Can semen cure the blues?

A researcher says male ejaculate may act as an antidepressant -- but other scientists aren't swallowing his theory.

Published June 19, 2002 7:11PM (EDT)

A report appearing this month in an obscure medical journal, the "Archives of Sexual Behavior," shows that women who enjoy sex au natural are less depressed than those who use condoms. The reason: semen may be an antidepressant.

Few would associate a glob of semen with a dose of Prozac, but many will say that bare sex with a beloved partner makes them feel good.

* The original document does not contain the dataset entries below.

lemma gal_small_group_embedding:
  assumes D: "derivation D" and sn: "strongly_normal D K L"
  shows "group_embedding L (gal_small D K L) (dgen D (L \<union> consts_of D UNIV)) (Gal D K L) (const_ext D L)"
  unfolding group_embedding_def
proof (intro conjI ballI)
  let ?M = "dgen D (L \<union> consts_of D UNIV)"
  have L: "dsubfield D L" and KL: "K \<subseteq> L" and strong: "\<And>\<tau>. \<tau> \<in> dHom D K L UNIV \<Longrightarrow> strong D L \<tau>"
    using sn unfolding strongly_normal_def by auto
  have dHom: "\<sigma> \<in> dHom D K L UNIV" if "\<sigma> \<in> gal_small D K L" for \<sigma>
    using that dHom_mono[of L UNIV D K L] unfolding gal_small_def daut_def by auto
  have ext: "const_ext D L \<sigma> \<in> Gal D K L" "\<forall>x\<in>L. const_ext D L \<sigma> x = \<sigma> x"
    if "\<sigma> \<in> gal_small D K L" for \<sigma>
    using strong_dHom_extends[OF D L KL dHom[OF that] strong[OF dHom[OF that]]] by auto
  show "const_ext D L ` gal_small D K L \<subseteq> Gal D K L" using ext(1) by auto
  show "inj_on (const_ext D L) (gal_small D K L)"
  proof (rule inj_onI)
    fix \<sigma> \<tau> assume \<sigma>\<tau>: "\<sigma> \<in> gal_small D K L" "\<tau> \<in> gal_small D K L"
      "const_ext D L \<sigma> = const_ext D L \<tau>"
    show "\<sigma> = \<tau>"
    proof (rule extensionalityI[OF dHomD(1)[OF dHom[OF \<sigma>\<tau>(1)]] dHomD(1)[OF dHom[OF \<sigma>\<tau>(2)]]])
      fix x assume "x \<in> L"
      then show "\<sigma> x = \<tau> x" using ext(2)[OF \<sigma>\<tau>(1)] ext(2)[OF \<sigma>\<tau>(2)] \<sigma>\<tau>(3) by metis
    qed
  qed
  fix \<sigma> \<tau> assume \<sigma>: "\<sigma> \<in> gal_small D K L" and \<tau>: "\<tau> \<in> gal_small D K L"
  have \<tau>L: "\<tau> x \<in> L" if "x \<in> L" for x using \<tau> that unfolding gal_small_def daut_def by auto
  have \<sigma>\<tau>: "compose L \<sigma> \<tau> \<in> gal_small D K L"
    using compose_daut[OF L] \<sigma> \<tau> unfolding gal_small_def by blast
  have "compose ?M (const_ext D L \<sigma>) (const_ext D L \<tau>) \<in> Gal D K L"
    using compose_daut[OF dsubfield_dgen] ext(1)[OF \<sigma>] ext(1)[OF \<tau>] unfolding Gal_def by blast
  then show "const_ext D L (compose L \<sigma> \<tau>) = compose ?M (const_ext D L \<sigma>) (const_ext D L \<tau>)"
  proof (rule Gal_eqI[OF ext(1)[OF \<sigma>\<tau>]])
    have "L \<subseteq> ?M" using dgen_superset[of "L \<union> consts_of D UNIV" D] by blast
    then show "\<forall>x\<in>L. const_ext D L (compose L \<sigma> \<tau>) x = compose ?M (const_ext D L \<sigma>) (const_ext D L \<tau>) x"
      using ext(2)[OF \<sigma>] ext(2)[OF \<tau>] \<tau>L ext(2)[OF \<sigma>\<tau>]
      by (auto simp: compose_def)
  qed
qed

lemma Gal_restrict_Gal_in:
  assumes D: "derivation D" and sn: "strongly_normal D K L" and U: "dsubfield D U" "L \<subseteq> U"
    and \<sigma>: "\<sigma> \<in> dHom D K L U" and g: "g \<in> Gal D K L" "\<forall>x\<in>L. g x = \<sigma> x"
  shows "restrict g (dgen D (L \<union> consts_of D U)) \<in> Gal_in D U K L"
proof -
  interpret diff_field D by unfold_locales (rule D)
  let ?C = "consts_of D UNIV" and ?CU = "consts_of D U"
  let ?M = "dgen D (L \<union> ?C)" and ?N = "dgen D (L \<union> ?CU)"
  have L: "dsubfield D L" and KL: "K \<subseteq> L" and strong: "strong D L \<sigma>"
    using sn dHom_mono[of U UNIV D K L] \<sigma> unfolding strongly_normal_def by auto
  have CU: "?CU \<subseteq> ?C" and CUK: "?CU \<subseteq> dgen D (K \<union> ?C)"
    using dgen_superset[of "K \<union> ?C" D] unfolding consts_of_def by auto
  have NM: "?N \<subseteq> ?M" using CU by (intro dgen_mono) auto
  have \<sigma>L: "dsubfield D (\<sigma> ` L)" "\<sigma> ` L \<subseteq> U"
    using dsubfield_image[OF L dHom_dhom_on[OF \<sigma>]] dHomD(3)[OF \<sigma>] by auto
  have "dgen D (L \<union> ?C) = dgen D (\<sigma> ` L \<union> ?C)" using strong unfolding strong_def by simp
  then have N_eq: "?N = dgen D (\<sigma> ` L \<union> ?CU)" by (rule dgen_consts_of_eq[OF U(1) L U(2) \<sigma>L])
  have "g ` L = \<sigma> ` L" using g(2) by (intro image_cong) auto
  moreover have "g ` ?CU = id ` ?CU" using Gal_memD(3)[OF g(1)] CUK by (intro image_cong) auto
  ultimately have g_gens: "g ` (L \<union> ?CU) = \<sigma> ` L \<union> ?CU" by (simp add: image_Un)
  have "L \<union> ?CU \<subseteq> ?M" using dgen_superset[of "L \<union> ?C" D] CU by blast
  then have "g ` ?N = dgen D (g ` (L \<union> ?CU))"
    by (rule image_dgen[OF dsubfield_dgen Gal_memD(1)[OF g(1)]])
  also have "\<dots> = ?N" unfolding g_gens N_eq ..
  finally have gN: "g ` ?N = ?N" .
  have "dgen D (K \<union> ?CU) \<subseteq> dgen D (K \<union> ?C)" by (rule dgen_mono) (use CU in blast)
  moreover have "dgen D (K \<union> ?CU) \<subseteq> ?N" by (rule dgen_mono) (use KL in blast)
  ultimately have "restrict g ?N \<in> daut D (dgen D (K \<union> ?CU)) ?N"
    by (rule restrict_daut[OF g(1)[unfolded Gal_def] dsubfield_dgen NM gN])
  then show ?thesis unfolding Gal_in_def .
qed

theorem lemma3p11:
  fixes D :: "'a::field_char_0 \<Rightarrow> 'a" and K L U :: "'a set"
  assumes "derivation D" and "diff_closed D" and "saturated D"
    and "dsubfield D K" and "dsubfield D L" and "dsubfield D U"
    and "K \<subseteq> L" and "L \<subseteq> U"
    and "(card_of U, card_of (UNIV :: 'a set)) \<in> ordLess"
    and "strongly_normal D K L"
  shows "(\<exists>\<Phi>. group_embedding L (gal_small D K L)
                 (dgen D (L \<union> consts_of D UNIV)) (Gal D K L) \<Phi>) \<and>
         (\<forall>\<sigma>\<in>dHom D K L U.
            (\<exists>!g. g \<in> Gal D K L \<and> (\<forall>x\<in>L. g x = \<sigma> x)) \<and>
            (\<forall>g. g \<in> Gal D K L \<and> (\<forall>x\<in>L. g x = \<sigma> x) \<longrightarrow>
               restrict g (dgen D (L \<union> consts_of D U)) \<in> Gal_in D U K L))"
proof -
  have ext: "const_ext D L \<sigma> \<in> Gal D K L" "\<forall>x\<in>L. const_ext D L \<sigma> x = \<sigma> x"
    if "\<sigma> \<in> dHom D K L U" for \<sigma>
  proof -
    have "\<sigma> \<in> dHom D K L UNIV" using that dHom_mono[of U UNIV D K L] by auto
    then show "const_ext D L \<sigma> \<in> Gal D K L" "\<forall>x\<in>L. const_ext D L \<sigma> x = \<sigma> x"
      using strong_dHom_extends[OF assms(1,5,7)] assms(10) unfolding strongly_normal_def by blast+
  qed
  have "\<exists>!g. g \<in> Gal D K L \<and> (\<forall>x\<in>L. g x = \<sigma> x)" if "\<sigma> \<in> dHom D K L U" for \<sigma>
    using ext[OF that] Gal_eqI[of _ D K L] by (metis (no_types, lifting))
  then show ?thesis
    using gal_small_group_embedding[OF assms(1,10)] Gal_restrict_Gal_in[OF assms(1,10,6,8)] by blast
qed

end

"If that's the truth, I must be the happiest woman on the planet," says Wifey, the star of WifeysWorld.com, where she and her husband (yes, Hubby) open their bedroom to subscribing voyeurs. "I have probably consumed quarts of semen in my life and I can certainly attest to a heightened feeling afterwards. I suppose it makes sense. "Put me on the 'I think it's true' side of the ledger," she says.

"The act of sex is more pleasurable without condoms," says Janice (not her real name), a fashion designer in Chicago who has struggled with depression since age 16. "The whole next day you really feel much better. There's definitely a difference."

Study author Gordon Gallup, a psychology professor at the State University of New York in Albany, thinks the post-coital buzz Wifey describes and the sexual healing Janice experiences may be caused by some unknown chemical in semen.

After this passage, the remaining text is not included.